Now our pressure is NOT not at sea level, or standard. My pressure (given in my equation) is 1.0083 times that of the standard pressure. So I'm just going to take the standard pressure which we know from Question 1 is 101300 and multiply it. 101300*1.0083 = 102140.79. This will be the pressure (P) in our equation.
h = 102140.79/(1000*9.81)
h = 102140.79 / 9810
h =
 Spoiler:
 10.4119052
Question 3
The gauge pressure in a car tire is 30.84 PSI (1 PSI (pounds per square inch, lb/in^{2}) = 6.89x10^{3}N/m^{2}) What is the absolute pressure in the tire in atmospheres (see sheet 7) ? Indicate with a positive (negative) sign whether the absolute pressure is always (never) larger than the gauge pressure.
How To Solve
Answer is Positive. Since we always have to add the atmospheric pressure on top of the gauge pressure it will always be larger. Look at it this way: P_{atm} +P_{gauge} > P_{gauge}. That's all it is asking.

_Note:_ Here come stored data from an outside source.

lemma eventually_gap: "eventually (\<lambda>x. r x + c \<le> m x) sequentially"
proof -
  have "eventually (\<lambda>x. real (r x) / real (m x) < 1 / 2) sequentially"
    using order_tendstoD(2)[OF r_over_m, of "1 / 2"] by simp
  with eventually_m_ge[of "2 * c + 1"] show ?thesis
  proof eventually_elim
    case (elim x)
    then have "2 * real (r x) < real (m x)" by (simp add: field_simps)
    with elim(1) show ?case by linarith
  qed
qed

lemma shift: "sparse_roots (\<lambda>x. m x - K) (\<lambda>x. r x - 1)"
proof
  show "filterlim (\<lambda>x. m x - K) at_top sequentially"
    unfolding filterlim_at_top
  proof
    show "eventually (\<lambda>x. Z \<le> m x - K) sequentially" for Z
      using eventually_m_ge[of "Z + K"] by eventually_elim simp
  qed
  show "filterlim (\<lambda>x. r x - 1) at_top sequentially"
    unfolding filterlim_at_top
  proof
    show "eventually (\<lambda>x. Z \<le> r x - 1) sequentially" for Z
      using eventually_r_ge[of "Z + 1"] by eventually_elim simp
  qed
  show "((\<lambda>x. real (r x - 1) / real (m x - K)) \<longlongrightarrow> 0) sequentially"
  proof (rule tendsto_sandwich)
    show "eventually (\<lambda>x. 0 \<le> real (r x - 1) / real (m x - K)) sequentially" by simp
    show "eventually (\<lambda>x. real (r x - 1) / real (m x - K) \<le> 2 * (real (r x) / real (m x)))
        sequentially"
      using eventually_m_ge[of "2 * K + 1"]
    proof eventually_elim
      case (elim x)
      then have "real (m x) / 2 \<le> real (m x - K)" "0 < real (m x - K)"
        by (simp_all add: of_nat_diff)
      then have "real (r x - 1) / real (m x - K) \<le> real (r x) / (real (m x) / 2)"
        by (intro frac_le) auto
      then show ?case by (simp add: mult.commute)
    qed
    show "((\<lambda>x. 2 * (real (r x) / real (m x))) \<longlongrightarrow> 0) sequentially"
      using tendsto_mult_right_zero[OF r_over_m] by simp
  qed simp
qed

lemma binomial_over_power_tendsto:
  "((\<lambda>x. real ((m x - r x) choose j) / real (m x) ^ j) \<longlongrightarrow> 1 / fact j) sequentially"
proof -
  have factor: "((\<lambda>x. real (m x - r x - i) / real (m x)) \<longlongrightarrow> 1) sequentially" for i
  proof -
    have "((\<lambda>x. 1 - real (r x) / real (m x) - real i / real (m x)) \<longlongrightarrow> 1 - 0 - 0) sequentially"
      by (intro tendsto_intros r_over_m const_over_m)
    moreover have "eventually (\<lambda>x. 1 - real (r x) / real (m x) - real i / real (m x)
        = real (m x - r x - i) / real (m x)) sequentially"
      using eventually_gap[of "i + 1"] by eventually_elim (simp add: of_nat_diff field_simps)
    ultimately show ?thesis by (simp add: tendsto_cong)
  qed
  have "((\<lambda>x. (\<Prod>i<j. real (m x - r x - i) / real (m x)) / fact j)
      \<longlongrightarrow> (\<Prod>i<j. 1) / fact j) sequentially"
    by (intro tendsto_intros factor) simp
  moreover have "eventually (\<lambda>x. (\<Prod>i<j. real (m x - r x - i) / real (m x)) / fact j
      = real ((m x - r x) choose j) / real (m x) ^ j) sequentially"
    using eventually_gap[of j]
  proof eventually_elim
    case (elim x)
    have "real ((m x - r x) choose j) * fact j = (\<Prod>i<j. real (m x - r x) - real i)"
      by (simp add: binomial_gbinomial gbinomial_mult_fact' atLeast0LessThan)
    also have "\<dots> = (\<Prod>i<j. real (m x - r x - i))"
      using elim by (intro prod.cong) (auto simp: of_nat_diff)
    finally have "(\<Prod>i<j. real (m x - r x - i)) = real ((m x - r x) choose j) * fact j" ..
    then show ?case unfolding prod_dividef by simp
  qed
  ultimately show ?thesis by (simp add: tendsto_cong)
qed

Again our units are not in S.I. so we have to convert. They give us the conversion here by telling us 1 PSI = 6890 atm. The pressure in my tire is 30.84 PSI and in atm that's 30.84 * 6890 = 212487.6 atm.
Our absolute pressure is just the pressure in the tire plus the atmospheric pressure so P_{atm}+P_{tire gauge}
P_{abs} = P_{atm}+P_{tire gauge}
P_{abs} = 101300+212487.6
P_{abs} =
 Spoiler:
 313787.6
Question 4
The container shown is open on the top and filled with water. The water height x shown is 1.794 m. What is the absolute pressure at point A (see sheet 10)? Indicate with a negative (positive) sign whether the pressure values measured at any point on the bottom of the container are all the same (are larger on the left end than on the right end of the bottom line).
How To Solve
Answer is Negative. The pressure is related to the height of the water regardless where the bottom point is, that is pressure is equal horizontally across at any vertical point. Does that make sense? [if it does not, please ask]
This question uses a lot of information we dealt with in the previous questions. Again we are finding the pressure relation to the height as we did in Question 2 so we can use the same formula P = ρ_{H2O}*g*h. Use the height given. The height in the smaller box, that is the area completely filled with water has no affect for what we are looking for.
P = ρ_{H2O}*g*h
P = 1000*9.81*1.794
P =
 Spoiler:
 17599.14
Since we need the absolute pressure we just add the standard pressure of 101300 to the pressure at the point we just calculated. This is because there is another force acting and we are at standard pressure (or it is rather assumed)
P_{abs} = 17599.14 + 101300
P_{abs} =
 Spoiler:
 118899.14
[w00t! Got a 4/4 the first shot. First time I got that]
Guest01 Posts : 133
Join date : 20080919
ques 3
I keep getting Number 3 wrong
The gauge pressure in a car tire is 30.97 PSI (1 PSI (pounds per square inch, lb/in2) = 6.89x103N/m2) What is the absolute pressure in the tire in atmospheres (see sheet 7) ? Indicate with a positive (negative) sign whether the absolute pressure is always (never) larger than the gauge pressure.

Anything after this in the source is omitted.